Input data
definition repl :: "(nat \<Rightarrow> 'a) \<Rightarrow> 'a list \<Rightarrow> nat \<Rightarrow> 'a" where
  "repl s bs = (\<lambda>i. if i < length bs then bs ! i else s i)"

definition q_op :: "'a set \<Rightarrow> ((nat \<Rightarrow> 'a) \<Rightarrow> 'a) \<Rightarrow> ((nat \<Rightarrow> 'a) \<Rightarrow> 'a) list \<Rightarrow> (nat \<Rightarrow> 'a) \<Rightarrow> 'a" where
  "q_op A phi psis = (\<lambda>s. if s \<in> seqs A then phi (repl s (map (\<lambda>psi. psi s) psis)) else undefined)"

definition block_closed :: "'a set \<Rightarrow> ((nat \<Rightarrow> 'a) \<Rightarrow> 'a) set \<Rightarrow> bool" where
  "block_closed A B \<longleftrightarrow>
     (\<forall>i. e_op A i \<in> B)
   \<and> (\<forall>phi psis. phi \<in> B \<longrightarrow> set psis \<subseteq> B \<longrightarrow> q_op A phi psis \<in> B)"

definition block_algebra :: "'a set \<Rightarrow> ((nat \<Rightarrow> 'a) \<Rightarrow> 'a) set \<Rightarrow> bool" where
  "block_algebra A B \<longleftrightarrow> B \<subseteq> full_block A \<and> block_closed A B"

definition Sub :: "'a set \<Rightarrow> ((nat \<Rightarrow> 'a) \<Rightarrow> 'a) set \<Rightarrow> ((nat \<Rightarrow> 'a) \<Rightarrow> 'a) set set" where
  "Sub A B = {C. C \<subseteq> B \<and> block_closed A C}"

definition lattice_iso_to :: "('l::lattice \<Rightarrow> 'b set) \<Rightarrow> 'b set set \<Rightarrow> bool" where
  "lattice_iso_to h S \<longleftrightarrow> bij_betw h UNIV S \<and> (\<forall>x y. x \<le> y \<longleftrightarrow> h x \<subseteq> h y)"

end

theory Submission
  imports Defs
begin

(* The top extension g \<mapsto> g\<^sup>\<top> sends projections to the e_i, composition to q_n, and
   leaves restriction invariant. Hence the image of a clone F is a block algebra, and every block
   algebra is the image of the clone of all operations whose top extension lies in it. A subclone
   G of F is determined by G\<^sup>\<top>: an operation with the same top extension as a member of G
   differs from it only by dummy trailing arguments, which can be added by composing with
   projections and removed by restriction. So G \<mapsto> G\<^sup>\<top> is an inclusion-preserving
   bijection Sb(F) \<rightarrow> Sub(F\<^sup>\<top>) with inverse C \<mapsto> {g \<in> F. g\<^sup>\<top> \<in> C}. *)

definition subset_iso :: "('b set \<Rightarrow> 'c set) \<Rightarrow> 'b set set \<Rightarrow> 'c set set \<Rightarrow> bool" where
  "subset_iso \<phi> S S' \<longleftrightarrow> bij_betw \<phi> S S' \<and> (\<forall>X\<in>S. \<forall>Y\<in>S. \<phi> X \<subseteq> \<phi> Y \<longleftrightarrow> X \<subseteq> Y)"

lemma subset_isoI:
  assumes "\<phi> ` S \<subseteq> S'" and "\<psi> ` S' \<subseteq> S"
    and "\<And>X. X \<in> S \<Longrightarrow> \<psi> (\<phi> X) = X" and "\<And>Y. Y \<in> S' \<Longrightarrow> \<phi> (\<psi> Y) = Y"
    and "mono \<phi>" and "mono \<psi>"
  shows "subset_iso \<phi> S S'"
  unfolding subset_iso_def
proof (intro conjI ballI)
  show "bij_betw \<phi> S S'"
    by (rule bij_betw_byWitness[where f' = \<psi>]) (use assms in auto)
  fix X Y assume "X \<in> S" "Y \<in> S"
  show "\<phi> X \<subseteq> \<phi> Y \<longleftrightarrow> X \<subseteq> Y"
  proof
    assume "\<phi> X \<subseteq> \<phi> Y"
    then have "\<psi> (\<phi> X) \<subseteq> \<psi> (\<phi> Y)" by (rule monoD[OF \<open>mono \<psi>\<close>])
    then show "X \<subseteq> Y" using assms(3) \<open>X \<in> S\<close> \<open>Y \<in> S\<close> by simp
  qed (use \<open>mono \<phi>\<close> in \<open>rule monoD\<close>)
qed

lemma subset_iso_inv_into:
  assumes "subset_iso \<phi> S S'"
  shows "subset_iso (inv_into S \<phi>) S' S"
proof -
  have bij: "bij_betw \<phi> S S'" using assms by (simp add: subset_iso_def)
  have "inv_into S \<phi> Y \<in> S" and "\<phi> (inv_into S \<phi> Y) = Y" if "Y \<in> S'" for Y
    using bij that by (auto simp: bij_betw_def inv_into_into f_inv_into_f)
  then show ?thesis
    using assms bij_betw_inv_into[OF bij] unfolding subset_iso_def by metis
qed

lemma lattice_iso_to_comp:
  assumes "lattice_iso_to h S" and "subset_iso \<phi> S S'"
  shows "lattice_iso_to (\<phi> \<circ> h) S'"
proof -
  have "h x \<in> S" for x using assms(1) by (auto simp: lattice_iso_to_def bij_betw_def)
  then show ?thesis
    using assms bij_betw_trans by (fastforce simp: lattice_iso_to_def subset_iso_def)
qed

Your goal
Write the listing out again, matching every line exactly.

Result of this exercise
definition repl :: "(nat \<Rightarrow> 'a) \<Rightarrow> 'a list \<Rightarrow> nat \<Rightarrow> 'a" where
  "repl s bs = (\<lambda>i. if i < length bs then bs ! i else s i)"

definition q_op :: "'a set \<Rightarrow> ((nat \<Rightarrow> 'a) \<Rightarrow> 'a) \<Rightarrow> ((nat \<Rightarrow> 'a) \<Rightarrow> 'a) list \<Rightarrow> (nat \<Rightarrow> 'a) \<Rightarrow> 'a" where
  "q_op A phi psis = (\<lambda>s. if s \<in> seqs A then phi (repl s (map (\<lambda>psi. psi s) psis)) else undefined)"

definition block_closed :: "'a set \<Rightarrow> ((nat \<Rightarrow> 'a) \<Rightarrow> 'a) set \<Rightarrow> bool" where
  "block_closed A B \<longleftrightarrow>
     (\<forall>i. e_op A i \<in> B)
   \<and> (\<forall>phi psis. phi \<in> B \<longrightarrow> set psis \<subseteq> B \<longrightarrow> q_op A phi psis \<in> B)"

definition block_algebra :: "'a set \<Rightarrow> ((nat \<Rightarrow> 'a) \<Rightarrow> 'a) set \<Rightarrow> bool" where
  "block_algebra A B \<longleftrightarrow> B \<subseteq> full_block A \<and> block_closed A B"

definition Sub :: "'a set \<Rightarrow> ((nat \<Rightarrow> 'a) \<Rightarrow> 'a) set \<Rightarrow> ((nat \<Rightarrow> 'a) \<Rightarrow> 'a) set set" where
  "Sub A B = {C. C \<subseteq> B \<and> block_closed A C}"

definition lattice_iso_to :: "('l::lattice \<Rightarrow> 'b set) \<Rightarrow> 'b set set \<Rightarrow> bool" where
  "lattice_iso_to h S \<longleftrightarrow> bij_betw h UNIV S \<and> (\<forall>x y. x \<le> y \<longleftrightarrow> h x \<subseteq> h y)"

end

theory Submission
  imports Defs
begin

(* The top extension g \<mapsto> g\<^sup>\<top> sends projections to the e_i, composition to q_n, and
   leaves restriction invariant. Hence the image of a clone F is a block algebra, and every block
   algebra is the image of the clone of all operations whose top extension lies in it. A subclone
   G of F is determined by G\<^sup>\<top>: an operation with the same top extension as a member of G
   differs from it only by dummy trailing arguments, which can be added by composing with
   projections and removed by restriction. So G \<mapsto> G\<^sup>\<top> is an inclusion-preserving
   bijection Sb(F) \<rightarrow> Sub(F\<^sup>\<top>) with inverse C \<mapsto> {g \<in> F. g\<^sup>\<top> \<in> C}. *)

definition subset_iso :: "('b set \<Rightarrow> 'c set) \<Rightarrow> 'b set set \<Rightarrow> 'c set set \<Rightarrow> bool" where
  "subset_iso \<phi> S S' \<longleftrightarrow> bij_betw \<phi> S S' \<and> (\<forall>X\<in>S. \<forall>Y\<in>S. \<phi> X \<subseteq> \<phi> Y \<longleftrightarrow> X \<subseteq> Y)"

lemma subset_isoI:
  assumes "\<phi> ` S \<subseteq> S'" and "\<psi> ` S' \<subseteq> S"
    and "\<And>X. X \<in> S \<Longrightarrow> \<psi> (\<phi> X) = X" and "\<And>Y. Y \<in> S' \<Longrightarrow> \<phi> (\<psi> Y) = Y"
    and "mono \<phi>" and "mono \<psi>"
  shows "subset_iso \<phi> S S'"
  unfolding subset_iso_def
proof (intro conjI ballI)
  show "bij_betw \<phi> S S'"
    by (rule bij_betw_byWitness[where f' = \<psi>]) (use assms in auto)
  fix X Y assume "X \<in> S" "Y \<in> S"
  show "\<phi> X \<subseteq> \<phi> Y \<longleftrightarrow> X \<subseteq> Y"
  proof
    assume "\<phi> X \<subseteq> \<phi> Y"
    then have "\<psi> (\<phi> X) \<subseteq> \<psi> (\<phi> Y)" by (rule monoD[OF \<open>mono \<psi>\<close>])
    then show "X \<subseteq> Y" using assms(3) \<open>X \<in> S\<close> \<open>Y \<in> S\<close> by simp
  qed (use \<open>mono \<phi>\<close> in \<open>rule monoD\<close>)
qed

lemma subset_iso_inv_into:
  assumes "subset_iso \<phi> S S'"
  shows "subset_iso (inv_into S \<phi>) S' S"
proof -
  have bij: "bij_betw \<phi> S S'" using assms by (simp add: subset_iso_def)
  have "inv_into S \<phi> Y \<in> S" and "\<phi> (inv_into S \<phi> Y) = Y" if "Y \<in> S'" for Y
    using bij that by (auto simp: bij_betw_def inv_into_into f_inv_into_f)
  then show ?thesis
    using assms bij_betw_inv_into[OF bij] unfolding subset_iso_def by metis
qed

lemma lattice_iso_to_comp:
  assumes "lattice_iso_to h S" and "subset_iso \<phi> S S'"
  shows "lattice_iso_to (\<phi> \<circ> h) S'"
proof -
  have "h x \<in> S" for x using assms(1) by (auto simp: lattice_iso_to_def bij_betw_def)
  then show ?thesis
    using assms bij_betw_trans by (fastforce simp: lattice_iso_to_def subset_iso_def)
qed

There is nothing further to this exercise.